Download the image with support for Expanse’s CPU nodes:

$ singularity pull software.sif docker://glotzerlab/software:expanse
$ mv software.sif /expanse/lustre/scratch/$USER/temp_project/

GPU

Download the image with support for Expanse’s GPU nodes:

$ singularity pull software.sif docker://glotzerlab/software:expanse-gpu
$ mv software.sif /expanse/lustre/scratch/$USER/temp_project/

Important

Use the correct image:

  • expanse on CPU nodes.
  • expanse-gpu on GPU nodes.

Using

Use the following commands in your job scripts or interactively to execute software inside the container:

Note

replace command arguments with the command and arguments you wish to run.

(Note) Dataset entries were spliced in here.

(* Assume $V$ is an $(X^{\rm in},T,\varphi)$-compatible Opt-Lyapunov function for $(X^{\rm in},T)$ with $N'_T(V)>0$, and let $\alpha$ be an $(X^{\rm in},T,\varphi)$-certificate of compatibility for $V$, with $I$ the interval such that $\alpha(I)=[0,1]$ and $\alpha$ strictly increasing continuous on $\operatorname{conv}(I^\varphi\cup I)$. Let $J=\overline{\operatorname{conv}}(I^\varphi\cup I)$, $\overline V=\sup_{x\in X^{\rm in}}V(x)$, and $h(x)=(\alpha|_J)^{-1}(x\overline V)$ for $x\in[0,1]$ (extended arbitrarily to $\mathbb R$). Then $h$ is strictly increasing and continuous on $[0,1]$, $N'_T(V)\in(0,1)$, $\nu_k\le h\big((N'_T(V))^k\big)$ for all $k\in\mathbb N$, and $\{k\in\mathbb N:\nu_k>h(0)\}\neq\emptyset$.
   Context: Standing data: nonempty $X^{\rm in}\subseteq\mathbb R^d$, $T:\mathbb R^d\to\mathbb R^d$, $\varphi:\mathbb R^d\to\mathbb R$ with $\varphi(0)=0$, $\nu_k=\sup_{x\in X^{\rm in}}\varphi(T^k(x))$ finite for all $k$; $G^{>}_\nu=\{k:\nu_k>\limsup_n\nu_n\}$. An Opt-Lyapunov function for $(X^{\rm in},T)$ is $V:\mathbb R^d\to[0,+\infty]$ with $\sup_{X^{\rm in}}V\in(0,1]$ and $V\circ T\le\lambda V$ for some $\lambda\in(0,1)$. $N'_T(V)=\sup\{V(T(x))/V(x):V(x)\in(0,+\infty)\}$. $I^\varphi=\overline{\operatorname{conv}}\{\varphi(T^k(x)):k\in\mathbb N,x\in X^{\rm in}\}$. $\mathrm{SC}$: functions $\alpha:\mathbb R\to\mathbb R$ with an interval $I$ such that $\alpha(I)=[0,1]$ and $\alpha$ strictly increasing continuous on $\operatorname{conv}(I^\varphi\cup I)$ (such $I$ is unique). A certificate of compatibility for $g$ is $\alpha\in\mathrm{SC}$ with $\alpha(\nu_k)>0$ for some $k\in G^{>}_\nu$ and $\alpha(\varphi(T^k(x)))\le g(T^k(x))$ for all $k,x\in X^{\rm in}$. $g$ is $(X^{\rm in},T,\varphi)$-compatible if for some $k\in G^{>}_\nu$ there are $\varepsilon,\eta>0$ with: $x\in X^{\rm in}$, $j\in\mathbb N$, $\varphi(T^j(x))>\nu_k-\eta$ imply $g(T^j(x))>\varepsilon$. *)

theory Defs
  imports "HOL-Analysis.Analysis" "HOL-Library.Liminf_Limsup"
begin

text \<open>Ambient space R^d is modelled by a Euclidean space type 'a.
  Functions V : R^d -> [0,+inf] are modelled as 'a => ereal with V >= 0.\<close>

definition nu :: "'a set \<Rightarrow> ('a \<Rightarrow> 'a) \<Rightarrow> ('a \<Rightarrow> real) \<Rightarrow> nat \<Rightarrow> real" where
  "nu X T \<phi> k = (SUP x\<in>X. \<phi> ((T ^^ k) x))"

definition Gsup :: "'a set \<Rightarrow> ('a \<Rightarrow> 'a) \<Rightarrow> ('a \<Rightarrow> real) \<Rightarrow> nat set" where
  "Gsup X T \<phi> = {k. ereal (nu X T \<phi> k) > limsup (\<lambda>n. ereal (nu X T \<phi> n))}"

definition Iphi :: "'a set \<Rightarrow> ('a \<Rightarrow> 'a) \<Rightarrow> ('a \<Rightarrow> real) \<Rightarrow> real set" where
  "Iphi X T \<phi> = closure (convex hull {\<phi> ((T ^^ k) x) | k x. x \<in> X})"

definition opt_lyapunov :: "'a set \<Rightarrow> ('a \<Rightarrow> 'a) \<Rightarrow> ('a \<Rightarrow> ereal) \<Rightarrow> bool" where
  "opt_lyapunov X T V \<longleftrightarrow> (\<forall>x. 0 \<le> V x) \<and>
     (SUP x\<in>X. V x) \<in> {0<..1} \<and>
     (\<exists>lam::real. 0 < lam \<and> lam < 1 \<and> (\<forall>x. V (T x) \<le> ereal lam * V x))"

definition Nprime :: "('a \<Rightarrow> 'a) \<Rightarrow> ('a \<Rightarrow> ereal) \<Rightarrow> ereal" where
  "Nprime T V = Sup {V (T x) / V x | x. 0 < V x \<and> V x < \<infinity>}"

definition SC_with :: "'a set \<Rightarrow> ('a \<Rightarrow> 'a) \<Rightarrow> ('a \<Rightarrow> real) \<Rightarrow> (real \<Rightarrow> real) \<Rightarrow> real set \<Rightarrow> bool" where
  "SC_with X T \<phi> \<alpha> I \<longleftrightarrow> is_interval I \<and> \<alpha> ` I = {0..1} \<and>
     strict_mono_on (convex hull (Iphi X T \<phi> \<union> I)) \<alpha> \<and>
     continuous_on (convex hull (Iphi X T \<phi> \<union> I)) \<alpha>"

definition SC :: "'a set \<Rightarrow> ('a \<Rightarrow> 'a) \<Rightarrow> ('a \<Rightarrow> real) \<Rightarrow> (real \<Rightarrow> real) \<Rightarrow> bool" where
  "SC X T \<phi> \<alpha> \<longleftrightarrow> (\<exists>I. SC_with X T \<phi> \<alpha> I)"

definition certificate :: "'a set \<Rightarrow> ('a \<Rightarrow> 'a) \<Rightarrow> ('a \<Rightarrow> real) \<Rightarrow> ('a \<Rightarrow> ereal) \<Rightarrow> (real \<Rightarrow> real) \<Rightarrow> bool" where
  "certificate X T \<phi> g \<alpha> \<longleftrightarrow> SC X T \<phi> \<alpha> \<and>
     (\<exists>k\<in>Gsup X T \<phi>. \<alpha> (nu X T \<phi> k) > 0) \<and>
     (\<forall>k. \<forall>x\<in>X. ereal (\<alpha> (\<phi> ((T ^^ k) x))) \<le> g ((T ^^ k) x))"

definition compatible :: "'a set \<Rightarrow> ('a \<Rightarrow> 'a) \<Rightarrow> ('a \<Rightarrow> real) \<Rightarrow> ('a \<Rightarrow> ereal) \<Rightarrow> bool" where
  "compatible X T \<phi> g \<longleftrightarrow> (\<exists>k\<in>Gsup X T \<phi>. \<exists>\<epsilon>>0. \<exists>\<eta>>0.
     \<forall>x\<in>X. \<forall>j. \<phi> ((T ^^ j) x) > nu X T \<phi> k - \<eta> \<longrightarrow> g ((T ^^ j) x) > ereal \<epsilon>)"

end

theory Submission
  imports Defs
begin

text \<open>Applying the certificate \<open>\<alpha>\<close> along an orbit turns the Lyapunov decay
  \<open>V (T\<^sup>k x) \<le> N'\<^sub>T(V)\<^sup>k \<cdot> sup V\<close> into \<open>\<alpha> (\<phi> (T\<^sup>k x)) \<le> N'\<^sub>T(V)\<^sup>k \<cdot> sup V\<close>;
  since \<open>\<alpha>\<close> is strictly increasing on a closed interval containing all values of \<open>\<phi>\<close>
  along orbits and all \<open>\<nu>\<^sub>k\<close>, this inverts to \<open>\<nu>\<^sub>k \<le> h (N'\<^sub>T(V)\<^sup>k)\<close>.  The index
  \<open>k\<close> with \<open>\<alpha> (\<nu>\<^sub>k) > 0 = \<alpha> (h 0)\<close> supplied by the certificate gives \<open>\<nu>\<^sub>k > h 0\<close>.\<close>

lemma closed_convex_hull_real:
  fixes U :: "real set"
  assumes "closed U"
  shows "closed (convex hull U)"
proof -
  let ?H = "convex hull U"
  have "z \<in> ?H" if z: "z \<in> closure ?H" for z
  proof -
    have ne: "U \<noteq> {}" using z by auto
    have "\<exists>p\<in>U. p \<le> z"
    proof (rule ccontr)
      assume "\<not> (\<exists>p\<in>U. p \<le> z)"
      then have gt: "\<forall>p\<in>U. z < p" by auto
      then have bdd: "bdd_below U" by (meson bdd_below.I less_imp_le)
      have "?H \<subseteq> {Inf U..}"
        by (rule hull_minimal) (auto intro: cInf_lower[OF _ bdd] simp: convex_real_interval)
      then have "Inf U \<le> z" using z closure_minimal[of ?H "{Inf U..}"] by auto
      with gt closed_contains_Inf[OF ne bdd \<open>closed U\<close>] show False by force
    qed
    moreover have "\<exists>q\<in>U. z \<le> q"
    proof (rule ccontr)
      assume "\<not> (\<exists>q\<in>U. z \<le> q)"
      then have lt: "\<forall>q\<in>U. q < z" by auto
      then have bdd: "bdd_above U" by (meson bdd_above.I less_imp_le)
      have "?H \<subseteq> {..Sup U}"
        by (rule hull_minimal) (auto intro: cSup_upper[OF _ bdd] simp: convex_real_interval)
      then have "z \<le> Sup U" using z closure_minimal[of ?H "{..Sup U}"] by auto
      with lt closed_contains_Sup[OF ne bdd \<open>closed U\<close>] show False by force
    qed
    moreover have "is_interval ?H" by (simp add: is_interval_convex_1)
    ultimately show ?thesis by (meson hull_subset mem_is_interval_1_I subsetD)
  qed
  then show ?thesis by (meson closure_subset_eq subsetI)
qed

lemma compact_if_strict_mono_on_image_Icc:
  fixes \<alpha> :: "real \<Rightarrow> real"
  assumes "is_interval I" "strict_mono_on I \<alpha>" "\<alpha> ` I = {c..d}" "c \<le> d"
  shows "compact I"
proof -
  have "c \<in> \<alpha> ` I" "d \<in> \<alpha> ` I" unfolding assms(3) using assms(4) by auto
  then obtain a b where ab: "a \<in> I" "c = \<alpha> a" "b \<in> I" "d = \<alpha> b" by (meson imageE)
  have "I = {a..b}"
  proof
    show "I \<subseteq> {a..b}"
    proof
      fix x assume x: "x \<in> I"
      then have "\<alpha> a \<le> \<alpha> x" "\<alpha> x \<le> \<alpha> b" using assms(3) ab by auto
      then show "x \<in> {a..b}"
        using strict_mono_on_less_eq[OF assms(2) ab(1) x] strict_mono_on_less_eq[OF assms(2) x ab(3)]
        by simp
    qed
    show "{a..b} \<subseteq> I" using mem_is_interval_1_I[OF assms(1) ab(1,3)] by auto
  qed
  then show ?thesis by simp
qed

lemma the_inv_into_scaled_mem:
  fixes \<alpha> :: "real \<Rightarrow> real"
  assumes "strict_mono_on J \<alpha>" "I \<subseteq> J" "\<alpha> ` I = {0..1}" "0 \<le> c" "c \<le> 1" "y \<in> {0..1}"
  shows "the_inv_into J \<alpha> (y * c) \<in> I \<and> \<alpha> (the_inv_into J \<alpha> (y * c)) = y * c"
proof -
  have "y * c \<in> \<alpha> ` I" unfolding assms(3) using assms(4-6) by (auto simp: mult_le_one)
  then obtain t where t: "t \<in> I" "y * c = \<alpha> t" by (rule imageE)
  then have "the_inv_into J \<alpha> (y * c) = t"
    using the_inv_into_f_f[OF strict_mono_on_imp_inj_on[OF assms(1)]] assms(2) by auto
  with t show ?thesis by simp
qed

lemma strict_mono_on_scaled_inverse:
  fixes \<alpha> g :: "real \<Rightarrow> real"
  assumes "strict_mono_on J \<alpha>" "I \<subseteq> J" "\<alpha> ` I = {0..1}" "0 < c" "c \<le> 1"
    and g: "\<And>y. y \<in> {0..1} \<Longrightarrow> g y = the_inv_into J \<alpha> (y * c)"
  shows "strict_mono_on {0..1} g"
proof (rule strict_mono_onI)
  fix r s :: real assume rs: "r \<in> {0..1}" "s \<in> {0..1}" "r < s"
  note mem = the_inv_into_scaled_mem[OF assms(1-3) less_imp_le[OF assms(4)] assms(5)]
  have "\<alpha> (g r) < \<alpha> (g s)" using mem[of r] mem[of s] g rs assms(4) by simp
  moreover have "g r \<in> J" "g s \<in> J" using mem[of r] mem[of s] g rs assms(2) by auto
  ultimately show "g r < g s" using strict_mono_on_less[OF assms(1)] by blast
qed

lemma continuous_on_scaled_inverse:
  fixes \<alpha> g :: "real \<Rightarrow> real"
  assumes "strict_mono_on J \<alpha>" "continuous_on J \<alpha>" "I \<subseteq> J" "compact I" "\<alpha> ` I = {0..1}"
    and "0 \<le> c" "c \<le> 1"
    and g: "\<And>y. y \<in> {0..1} \<Longrightarrow> g y = the_inv_into J \<alpha> (y * c)"
  shows "continuous_on {0..1} g"
proof -
  have inj: "inj_on \<alpha> I" using strict_mono_on_imp_inj_on[OF assms(1)] assms(3) by (rule inj_on_subset)
  have "continuous_on {0..1} (the_inv_into I \<alpha>)"
    using continuous_on_inv_into[OF continuous_on_subset[OF assms(2,3)] assms(4) inj] assms(5)
    by simp
  then have "continuous_on {0..1} (\<lambda>y. the_inv_into I \<alpha> (y * c))"
    by (rule continuous_on_compose2) (use assms(6,7) in \<open>auto intro!: continuous_intros simp: mult_le_one\<close>)
  moreover have "the_inv_into I \<alpha> (y * c) = g y" if "y \<in> {0..1}" for y
    using the_inv_into_scaled_mem[OF assms(1,3,5-7) that] g[OF that] inj
    by (metis the_inv_into_f_f)
  ultimately show ?thesis by (rule continuous_on_eq)
qed

lemma Nprime_le_rate:
  assumes "\<And>x. 0 \<le> V x" "\<And>x. V (T x) \<le> ereal lam * V x"
  shows "Nprime T V \<le> ereal lam"
  unfolding Nprime_def
proof (rule Sup_least, clarify)
  fix x assume "0 < V x" "V x < \<infinity>"
  then obtain v where v: "V x = ereal v" "0 < v" by (cases "V x") auto
  then have le: "V (T x) \<le> ereal (lam * v)" using assms(2)[of x] by simp
  then obtain w where w: "V (T x) = ereal w" using assms(1)[of "T x"] by (cases "V (T x)") auto
  then have "w / v \<le> lam" using le v by (simp add: divide_le_eq)
  then show "V (T x) / V x \<le> ereal lam" using v w by simp
qed

lemma opt_lyapunov_Nprime_less_one:
  assumes "opt_lyapunov X T V"
  shows "Nprime T V < 1"
proof -
  obtain lam where "lam < 1" "\<And>x. 0 \<le> V x" "\<And>x. V (T x) \<le> ereal lam * V x"
    using assms unfolding opt_lyapunov_def by blast
  then have "Nprime T V \<le> ereal lam" "ereal lam < 1" by (auto intro: Nprime_le_rate)
  then show ?thesis by (rule order_le_less_trans)
qed

lemma opt_lyapunov_Nprime_step:
  assumes "opt_lyapunov X T V" "Nprime T V = ereal n" "V x = ereal v"
  shows "V (T x) \<le> ereal (n * v)"
proof -
  obtain lam where lam: "V (T x) \<le> ereal lam * V x" and nonneg: "\<And>x. 0 \<le> V x"
    using assms(1) unfolding opt_lyapunov_def by blast
  show ?thesis
  proof (cases "v = 0")
    case True
    then show ?thesis using lam assms(3) by simp
  next
    case False
    then have v: "0 < v" using nonneg[of x] assms(3) by simp
    obtain w where w: "V (T x) = ereal w"
      using lam nonneg[of "T x"] assms(3) by (cases "V (T x)") auto
    have "ereal (w / v) \<le> Nprime T V"
      unfolding Nprime_def using w v assms(3) by (intro Sup_upper) (auto intro!: exI[of _ x])
    then have "w \<le> n * v" using v assms(2) by (simp add: divide_le_eq mult.commute)
    then show ?thesis using w by simp
  qed
qed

For example: python3 script.py

Serial (or multithreaded) CPU jobs (shared partition):

module load cpu singularitypro gcc/9.2.0 openmpi/4.1.1
singularity exec --bind /expanse /expanse/lustre/scratch/$USER/temp_project/software.sif command arguments

Single GPU jobs (gpu-shared partition):

module load gpu singularitypro openmpi/4.0.4-nocuda
singularity exec --nv --bind /expanse /expanse/lustre/scratch/$USER/temp_project/software.sif command arguments

MPI parallel CPU jobs (compute partition, shared partition with more than 1 core):

module load cpu singularitypro gcc/9.2.0 openmpi/4.1.1
mpirun singularity exec --bind /expanse /expanse/lustre/scratch/$USER/temp_project/software.sif command arguments

MPI parallel GPU jobs (gpu partition, gpu-shared with more than 1 GPU):

module load gpu singularitypro openmpi/4.0.4-nocuda
mpirun singularity exec --nv --bind /expanse /expanse/lustre/scratch/$USER/temp_project/software.sif command arguments

Important

Use the correct module load line for the type of node your job will execute on.

Warning

mpirun will hang when launching jobs one more than one node in the gpu partition.

Important

You must use mpirun to launch parallel jobs. srun is not compatible with the MPI library installed inside the container.